From the records below, extract only the lines running from the line with "(1 / (m x)\<^sup>2) *" to the line with "complex_of_real (V x)", both lines included, reproducing them exactly.

··········

(* Let $G=(\mathscr{V},\mathscr{E},m,\theta)$ be a weighted graph, $V:\mathscr{V}\to\mathbb{R}$ arbitrary, and $\gamma>0$. Suppose that for every sequence $(x_n)_{n\in\mathbb{N}}\in\mathscr{V}^{\mathbb{N}}$ with $\mathscr{E}(x_n,x_{n+1})>0$ for all $n$, one has \[ \sum_{n\in\mathbb{N}}m^2(x_n)\prod_{i=0}^{n-1}\frac{\gamma}{d_G(x_i)}=\infty. \] Then the operator $H:=\Delta_{\mathscr{E},\theta}+V(Q)$ is essentially self-adjoint on $\mathcal{C}_c(\mathscr{V})$.
   Context: A weighted graph $G=(\mathscr{V},\mathscr{E},m,\theta)$: $\mathscr{V}$ countable, $\mathscr{E}:\mathscr{V}\times\mathscr{V}\to[0,\infty)$ symmetric, $m:\mathscr{V}\to(0,\infty)$, $\theta:\mathscr{V}\times\mathscr{V}\to[-\pi,\pi]$ antisymmetric; assumed locally finite, connected, without loops. Work in $\ell^2(\mathscr{V},m^2)$ with inner product $\sum_x m^2(x)\overline{f(x)}g(x)$; $\mathcal{C}_c(\mathscr{V})$ = finitely supported functions. $d_G(x)=m^{-2}(x)\sum_y\mathscr{E}(x,y)$. On $\mathcal{C}_c(\mathscr{V})$, $(Hf)(x)=m^{-2}(x)\sum_y\mathscr{E}(x,y)(f(x)-e^{i\theta(x,y)}f(y))+V(x)f(x)$. *)

theory Defs
  imports "HOL-Analysis.Analysis"
begin

text \<open>Weighted graph data: E (edge weights), m (vertex weights), theta (magnetic phase).
  Functions on the vertex type 'v are complex valued; the Hilbert space is l^2(V, m^2).\<close>

definition in_l2 :: "('v \<Rightarrow> real) \<Rightarrow> ('v \<Rightarrow> complex) \<Rightarrow> bool" where
  "in_l2 m f \<longleftrightarrow> (\<lambda>x. (m x)\<^sup>2 * (cmod (f x))\<^sup>2) summable_on UNIV"

definition l2_inner :: "('v \<Rightarrow> real) \<Rightarrow> ('v \<Rightarrow> complex) \<Rightarrow> ('v \<Rightarrow> complex) \<Rightarrow> complex" where
  "l2_inner m f g = (\<Sum>\<^sub>\<infinity>x. complex_of_real ((m x)\<^sup>2) * cnj (f x) * g x)"

definition l2_norm :: "('v \<Rightarrow> real) \<Rightarrow> ('v \<Rightarrow> complex) \<Rightarrow> real" where
  "l2_norm m f = sqrt (\<Sum>\<^sub>\<infinity>x. (m x)\<^sup>2 * (cmod (f x))\<^sup>2)"

definition Cc :: "('v \<Rightarrow> complex) set" where
  "Cc = {f. finite {x. f x \<noteq> 0}}"

definition weighted_degree :: "('v \<Rightarrow> 'v \<Rightarrow> real) \<Rightarrow> ('v \<Rightarrow> real) \<Rightarrow> 'v \<Rightarrow> real" where
  "weighted_degree E m x = (\<Sum>y\<in>{y. E x y \<noteq> 0}. E x y) / (m x)\<^sup>2"

definition Hop :: "('v \<Rightarrow> 'v \<Rightarrow> real) \<Rightarrow> ('v \<Rightarrow> real) \<Rightarrow> ('v \<Rightarrow> 'v \<Rightarrow> real) \<Rightarrow> ('v \<Rightarrow> real)
    \<Rightarrow> ('v \<Rightarrow> complex) \<Rightarrow> ('v \<Rightarrow> complex)" where
  "Hop E m \<theta> V f = (\<lambda>x. complex_of_real (1 / (m x)\<^sup>2) *
      (\<Sum>y\<in>{y. E x y \<noteq> 0}. complex_of_real (E x y) *
          (f x - exp (\<i> * complex_of_real (\<theta> x y)) * f y))
      + complex_of_real (V x) * f x)"

definition graph_H_Cc where
  "graph_H_Cc E m \<theta> V = {(f, Hop E m \<theta> V f) | f. f \<in> Cc}"

text \<open>Operators are handled through their graphs (sets of pairs) in l^2(V,m^2).\<close>
definition l2_closure :: "('v \<Rightarrow> real) \<Rightarrow> (('v \<Rightarrow> complex) \<times> ('v \<Rightarrow> complex)) set
    \<Rightarrow> (('v \<Rightarrow> complex) \<times> ('v \<Rightarrow> complex)) set" where
  "l2_closure m A = {(f, g). in_l2 m f \<and> in_l2 m g \<and>
      (\<exists>s. (\<forall>n. s n \<in> A) \<and> (\<lambda>n. l2_norm m (fst (s n) - f)) \<longlonglongrightarrow> 0
                        \<and> (\<lambda>n. l2_norm m (snd (s n) - g)) \<longlonglongrightarrow> 0)}"

definition l2_adjoint :: "('v \<Rightarrow> real) \<Rightarrow> (('v \<Rightarrow> complex) \<times> ('v \<Rightarrow> complex)) set
    \<Rightarrow> (('v \<Rightarrow> complex) \<times> ('v \<Rightarrow> complex)) set" where
  "l2_adjoint m A = {(u, w). in_l2 m u \<and> in_l2 m w \<and>
      (\<forall>(f, g)\<in>A. l2_inner m u g = l2_inner m w f)}"

definition densely_defined_operator :: "('v \<Rightarrow> real) \<Rightarrow> (('v \<Rightarrow> complex) \<times> ('v \<Rightarrow> complex)) set \<Rightarrow> bool" where
  "densely_defined_operator m A \<longleftrightarrow>
     (\<forall>(f, g)\<in>A. in_l2 m f \<and> in_l2 m g) \<and>
     (\<forall>f g h. (f, g) \<in> A \<longrightarrow> (f, h) \<in> A \<longrightarrow> g = h) \<and>
     (\<forall>u. in_l2 m u \<longrightarrow> (\<forall>e>0. \<exists>(f, g)\<in>A. l2_norm m (f - u) < e))"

··········

* **SOLUTION TO THE EXERCISE**
  "Hop E m \<theta> V f = (\<lambda>x. complex_of_real (1 / (m x)\<^sup>2) *
      (\<Sum>y\<in>{y. E x y \<noteq> 0}. complex_of_real (E x y) *
          (f x - exp (\<i> * complex_of_real (\<theta> x y)) * f y))
      + complex_of_real (V x) * f x)"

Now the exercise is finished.